Copy each line of the data beneath in which the word "simp" appears.

(Stored items from a collection)
- - - - - - -

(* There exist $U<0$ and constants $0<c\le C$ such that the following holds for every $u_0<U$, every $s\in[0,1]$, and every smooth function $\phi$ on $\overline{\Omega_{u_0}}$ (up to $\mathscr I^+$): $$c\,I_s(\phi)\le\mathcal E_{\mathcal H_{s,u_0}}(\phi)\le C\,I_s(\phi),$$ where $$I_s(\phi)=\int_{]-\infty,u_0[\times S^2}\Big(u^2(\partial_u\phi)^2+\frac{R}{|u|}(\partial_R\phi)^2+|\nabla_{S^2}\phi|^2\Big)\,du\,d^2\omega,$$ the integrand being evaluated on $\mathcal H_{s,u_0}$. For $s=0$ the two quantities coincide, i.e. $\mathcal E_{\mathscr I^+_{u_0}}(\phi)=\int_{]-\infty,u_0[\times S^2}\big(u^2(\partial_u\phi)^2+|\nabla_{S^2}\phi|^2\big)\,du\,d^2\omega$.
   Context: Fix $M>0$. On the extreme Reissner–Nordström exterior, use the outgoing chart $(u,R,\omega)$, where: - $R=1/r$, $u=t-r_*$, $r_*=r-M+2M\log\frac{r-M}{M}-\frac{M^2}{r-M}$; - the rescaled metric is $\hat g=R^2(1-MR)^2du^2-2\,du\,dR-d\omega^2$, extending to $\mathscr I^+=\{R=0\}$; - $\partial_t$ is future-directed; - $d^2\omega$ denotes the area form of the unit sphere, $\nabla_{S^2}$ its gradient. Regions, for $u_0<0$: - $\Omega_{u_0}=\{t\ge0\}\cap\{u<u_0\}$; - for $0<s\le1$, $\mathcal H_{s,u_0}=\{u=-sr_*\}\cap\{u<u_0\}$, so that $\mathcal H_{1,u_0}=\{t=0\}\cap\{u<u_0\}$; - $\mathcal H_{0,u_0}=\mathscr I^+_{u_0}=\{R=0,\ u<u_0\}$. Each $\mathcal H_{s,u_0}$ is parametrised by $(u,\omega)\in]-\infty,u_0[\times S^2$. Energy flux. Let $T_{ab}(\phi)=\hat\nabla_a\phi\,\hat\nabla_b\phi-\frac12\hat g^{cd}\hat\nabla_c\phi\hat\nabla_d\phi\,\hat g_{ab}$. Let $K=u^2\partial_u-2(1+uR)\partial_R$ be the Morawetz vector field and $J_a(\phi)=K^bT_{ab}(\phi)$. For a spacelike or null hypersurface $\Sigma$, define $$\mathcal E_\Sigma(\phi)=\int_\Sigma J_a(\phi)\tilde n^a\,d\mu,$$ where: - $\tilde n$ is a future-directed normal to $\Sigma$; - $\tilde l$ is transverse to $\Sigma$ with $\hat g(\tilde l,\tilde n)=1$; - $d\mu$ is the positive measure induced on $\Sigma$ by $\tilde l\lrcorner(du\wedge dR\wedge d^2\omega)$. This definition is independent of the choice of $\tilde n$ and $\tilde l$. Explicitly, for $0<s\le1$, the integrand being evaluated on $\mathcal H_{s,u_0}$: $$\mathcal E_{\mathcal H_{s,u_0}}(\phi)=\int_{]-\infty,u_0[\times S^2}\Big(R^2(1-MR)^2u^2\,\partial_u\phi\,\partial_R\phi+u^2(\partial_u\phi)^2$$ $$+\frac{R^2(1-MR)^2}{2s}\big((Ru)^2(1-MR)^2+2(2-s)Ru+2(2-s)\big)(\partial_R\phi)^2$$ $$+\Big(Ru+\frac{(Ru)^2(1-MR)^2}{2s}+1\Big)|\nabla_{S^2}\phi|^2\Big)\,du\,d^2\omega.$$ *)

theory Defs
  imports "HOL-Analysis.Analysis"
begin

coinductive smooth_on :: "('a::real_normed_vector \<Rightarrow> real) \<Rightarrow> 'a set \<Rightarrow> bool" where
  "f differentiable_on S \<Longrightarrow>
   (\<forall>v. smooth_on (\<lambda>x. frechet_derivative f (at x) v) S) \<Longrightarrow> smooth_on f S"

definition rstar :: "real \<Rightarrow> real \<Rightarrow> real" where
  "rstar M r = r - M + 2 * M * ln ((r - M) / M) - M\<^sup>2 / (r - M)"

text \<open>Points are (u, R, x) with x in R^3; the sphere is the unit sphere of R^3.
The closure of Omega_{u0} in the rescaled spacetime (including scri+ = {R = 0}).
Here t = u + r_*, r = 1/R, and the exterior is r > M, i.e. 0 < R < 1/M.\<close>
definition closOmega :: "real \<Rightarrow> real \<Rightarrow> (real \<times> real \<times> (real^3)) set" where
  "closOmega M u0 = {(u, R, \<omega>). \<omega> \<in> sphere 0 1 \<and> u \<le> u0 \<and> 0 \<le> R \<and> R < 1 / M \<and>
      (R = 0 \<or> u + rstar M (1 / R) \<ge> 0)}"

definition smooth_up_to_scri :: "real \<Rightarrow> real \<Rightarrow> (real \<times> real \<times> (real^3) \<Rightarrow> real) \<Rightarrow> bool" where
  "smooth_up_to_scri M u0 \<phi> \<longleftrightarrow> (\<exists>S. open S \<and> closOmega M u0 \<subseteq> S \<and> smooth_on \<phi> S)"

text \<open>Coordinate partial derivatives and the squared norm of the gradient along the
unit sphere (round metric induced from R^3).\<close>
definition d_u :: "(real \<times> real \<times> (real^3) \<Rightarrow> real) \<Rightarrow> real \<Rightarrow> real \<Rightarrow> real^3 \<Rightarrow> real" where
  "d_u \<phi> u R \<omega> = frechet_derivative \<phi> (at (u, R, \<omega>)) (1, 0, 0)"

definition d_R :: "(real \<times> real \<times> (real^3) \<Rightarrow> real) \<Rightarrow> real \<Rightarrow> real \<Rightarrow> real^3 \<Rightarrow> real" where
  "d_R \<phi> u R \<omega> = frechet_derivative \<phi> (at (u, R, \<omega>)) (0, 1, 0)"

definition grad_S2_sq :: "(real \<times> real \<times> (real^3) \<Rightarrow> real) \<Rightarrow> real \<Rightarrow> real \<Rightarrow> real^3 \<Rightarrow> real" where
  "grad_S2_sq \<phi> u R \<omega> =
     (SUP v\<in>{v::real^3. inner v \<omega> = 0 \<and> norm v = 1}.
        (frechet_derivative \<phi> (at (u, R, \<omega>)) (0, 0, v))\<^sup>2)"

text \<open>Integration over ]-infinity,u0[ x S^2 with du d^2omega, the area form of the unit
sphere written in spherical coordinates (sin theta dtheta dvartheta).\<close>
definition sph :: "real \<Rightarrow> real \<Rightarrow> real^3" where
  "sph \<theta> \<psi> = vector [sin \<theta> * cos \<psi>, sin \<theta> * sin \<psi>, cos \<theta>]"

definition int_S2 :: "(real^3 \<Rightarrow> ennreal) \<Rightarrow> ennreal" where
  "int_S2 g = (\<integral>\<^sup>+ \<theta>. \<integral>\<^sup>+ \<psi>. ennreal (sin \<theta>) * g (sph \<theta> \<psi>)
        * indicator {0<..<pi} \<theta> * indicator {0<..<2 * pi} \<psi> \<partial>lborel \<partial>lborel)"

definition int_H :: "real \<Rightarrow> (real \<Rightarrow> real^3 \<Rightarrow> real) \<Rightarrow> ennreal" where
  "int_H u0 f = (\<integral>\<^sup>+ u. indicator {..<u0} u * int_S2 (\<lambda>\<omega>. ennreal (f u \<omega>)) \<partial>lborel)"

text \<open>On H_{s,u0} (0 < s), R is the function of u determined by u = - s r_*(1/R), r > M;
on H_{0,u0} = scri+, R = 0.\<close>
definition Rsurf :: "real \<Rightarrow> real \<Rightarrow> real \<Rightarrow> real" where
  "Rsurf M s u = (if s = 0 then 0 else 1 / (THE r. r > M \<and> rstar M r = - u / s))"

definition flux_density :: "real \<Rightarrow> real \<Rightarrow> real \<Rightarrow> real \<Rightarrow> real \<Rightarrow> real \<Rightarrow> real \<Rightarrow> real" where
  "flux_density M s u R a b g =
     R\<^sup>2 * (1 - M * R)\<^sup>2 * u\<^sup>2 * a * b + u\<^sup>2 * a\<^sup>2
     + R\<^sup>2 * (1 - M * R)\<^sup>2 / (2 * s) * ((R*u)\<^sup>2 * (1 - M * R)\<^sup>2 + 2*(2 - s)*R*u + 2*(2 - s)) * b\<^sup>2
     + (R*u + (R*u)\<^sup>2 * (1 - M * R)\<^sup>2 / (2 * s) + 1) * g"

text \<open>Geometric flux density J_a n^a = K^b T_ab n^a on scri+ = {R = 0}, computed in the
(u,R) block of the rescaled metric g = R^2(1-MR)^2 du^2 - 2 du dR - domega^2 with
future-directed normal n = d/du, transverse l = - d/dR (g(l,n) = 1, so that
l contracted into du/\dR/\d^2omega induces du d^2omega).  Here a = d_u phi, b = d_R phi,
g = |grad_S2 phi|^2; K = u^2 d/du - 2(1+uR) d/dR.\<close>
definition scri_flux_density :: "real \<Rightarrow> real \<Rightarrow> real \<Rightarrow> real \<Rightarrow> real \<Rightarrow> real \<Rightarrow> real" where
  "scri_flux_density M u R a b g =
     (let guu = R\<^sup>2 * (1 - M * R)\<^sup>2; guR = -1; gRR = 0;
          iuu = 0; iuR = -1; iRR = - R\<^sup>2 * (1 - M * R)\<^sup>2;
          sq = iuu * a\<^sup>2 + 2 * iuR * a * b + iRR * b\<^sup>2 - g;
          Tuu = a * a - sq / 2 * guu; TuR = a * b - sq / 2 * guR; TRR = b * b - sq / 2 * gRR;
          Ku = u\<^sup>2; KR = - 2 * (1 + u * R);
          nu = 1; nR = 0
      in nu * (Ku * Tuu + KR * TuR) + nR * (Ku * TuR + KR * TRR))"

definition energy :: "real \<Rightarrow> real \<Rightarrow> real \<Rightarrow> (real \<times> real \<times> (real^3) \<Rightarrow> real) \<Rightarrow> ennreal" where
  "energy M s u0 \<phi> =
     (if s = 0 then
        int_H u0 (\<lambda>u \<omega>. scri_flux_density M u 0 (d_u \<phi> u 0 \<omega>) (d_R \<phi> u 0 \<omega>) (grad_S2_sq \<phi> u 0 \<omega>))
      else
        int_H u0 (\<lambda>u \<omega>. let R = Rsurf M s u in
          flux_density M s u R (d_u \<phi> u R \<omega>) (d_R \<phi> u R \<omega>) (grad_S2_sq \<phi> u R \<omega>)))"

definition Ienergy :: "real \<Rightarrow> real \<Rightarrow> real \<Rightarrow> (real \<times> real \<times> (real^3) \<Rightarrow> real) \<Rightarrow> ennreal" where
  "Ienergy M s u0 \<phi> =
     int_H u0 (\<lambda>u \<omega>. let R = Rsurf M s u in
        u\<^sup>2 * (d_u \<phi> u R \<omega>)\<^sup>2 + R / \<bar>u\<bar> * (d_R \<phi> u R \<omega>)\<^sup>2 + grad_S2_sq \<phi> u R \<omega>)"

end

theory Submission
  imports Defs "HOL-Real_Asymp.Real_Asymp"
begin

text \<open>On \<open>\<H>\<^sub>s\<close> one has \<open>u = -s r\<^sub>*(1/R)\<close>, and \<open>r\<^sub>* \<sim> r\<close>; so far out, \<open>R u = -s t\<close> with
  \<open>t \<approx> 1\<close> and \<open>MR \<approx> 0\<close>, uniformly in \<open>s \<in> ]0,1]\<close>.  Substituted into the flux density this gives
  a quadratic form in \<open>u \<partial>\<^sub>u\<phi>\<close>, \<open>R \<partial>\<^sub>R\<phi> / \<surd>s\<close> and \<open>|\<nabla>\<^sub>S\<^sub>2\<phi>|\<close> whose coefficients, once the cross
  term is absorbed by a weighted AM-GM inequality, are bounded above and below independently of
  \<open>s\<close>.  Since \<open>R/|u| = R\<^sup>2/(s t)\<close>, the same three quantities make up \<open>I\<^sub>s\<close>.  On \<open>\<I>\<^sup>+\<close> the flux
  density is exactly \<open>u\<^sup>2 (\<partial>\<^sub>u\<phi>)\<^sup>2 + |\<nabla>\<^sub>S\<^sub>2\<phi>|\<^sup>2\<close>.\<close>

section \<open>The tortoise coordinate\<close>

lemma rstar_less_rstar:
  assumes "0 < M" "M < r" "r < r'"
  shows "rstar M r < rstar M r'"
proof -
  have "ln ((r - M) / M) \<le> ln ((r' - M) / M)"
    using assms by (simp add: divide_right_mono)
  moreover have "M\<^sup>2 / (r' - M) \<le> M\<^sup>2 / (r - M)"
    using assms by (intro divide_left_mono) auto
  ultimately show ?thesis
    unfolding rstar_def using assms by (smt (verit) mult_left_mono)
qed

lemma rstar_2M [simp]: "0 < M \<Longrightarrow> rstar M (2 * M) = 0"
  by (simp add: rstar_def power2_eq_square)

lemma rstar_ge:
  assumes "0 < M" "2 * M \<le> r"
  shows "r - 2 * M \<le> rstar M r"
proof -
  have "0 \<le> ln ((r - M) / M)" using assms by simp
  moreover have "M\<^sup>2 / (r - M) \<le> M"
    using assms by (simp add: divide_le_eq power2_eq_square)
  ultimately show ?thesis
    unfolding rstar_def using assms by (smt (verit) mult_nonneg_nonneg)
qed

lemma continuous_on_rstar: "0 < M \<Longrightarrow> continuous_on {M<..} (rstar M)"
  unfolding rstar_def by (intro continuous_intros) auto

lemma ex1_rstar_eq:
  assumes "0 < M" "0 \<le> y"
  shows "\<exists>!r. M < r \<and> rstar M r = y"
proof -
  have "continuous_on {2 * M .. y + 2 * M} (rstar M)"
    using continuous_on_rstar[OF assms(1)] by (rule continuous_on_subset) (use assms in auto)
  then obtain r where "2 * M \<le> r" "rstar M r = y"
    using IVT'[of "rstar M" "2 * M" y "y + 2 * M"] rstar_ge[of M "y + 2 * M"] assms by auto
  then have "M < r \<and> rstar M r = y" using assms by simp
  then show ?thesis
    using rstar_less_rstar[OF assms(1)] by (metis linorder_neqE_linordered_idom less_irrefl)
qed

- - - - - - -

Task output -
    using assms by (simp add: divide_right_mono)
lemma rstar_2M [simp]: "0 < M \<Longrightarrow> rstar M (2 * M) = 0"
  by (simp add: rstar_def power2_eq_square)
  have "0 \<le> ln ((r - M) / M)" using assms by simp
    using assms by (simp add: divide_le_eq power2_eq_square)
  then have "M < r \<and> rstar M r = y" using assms by simp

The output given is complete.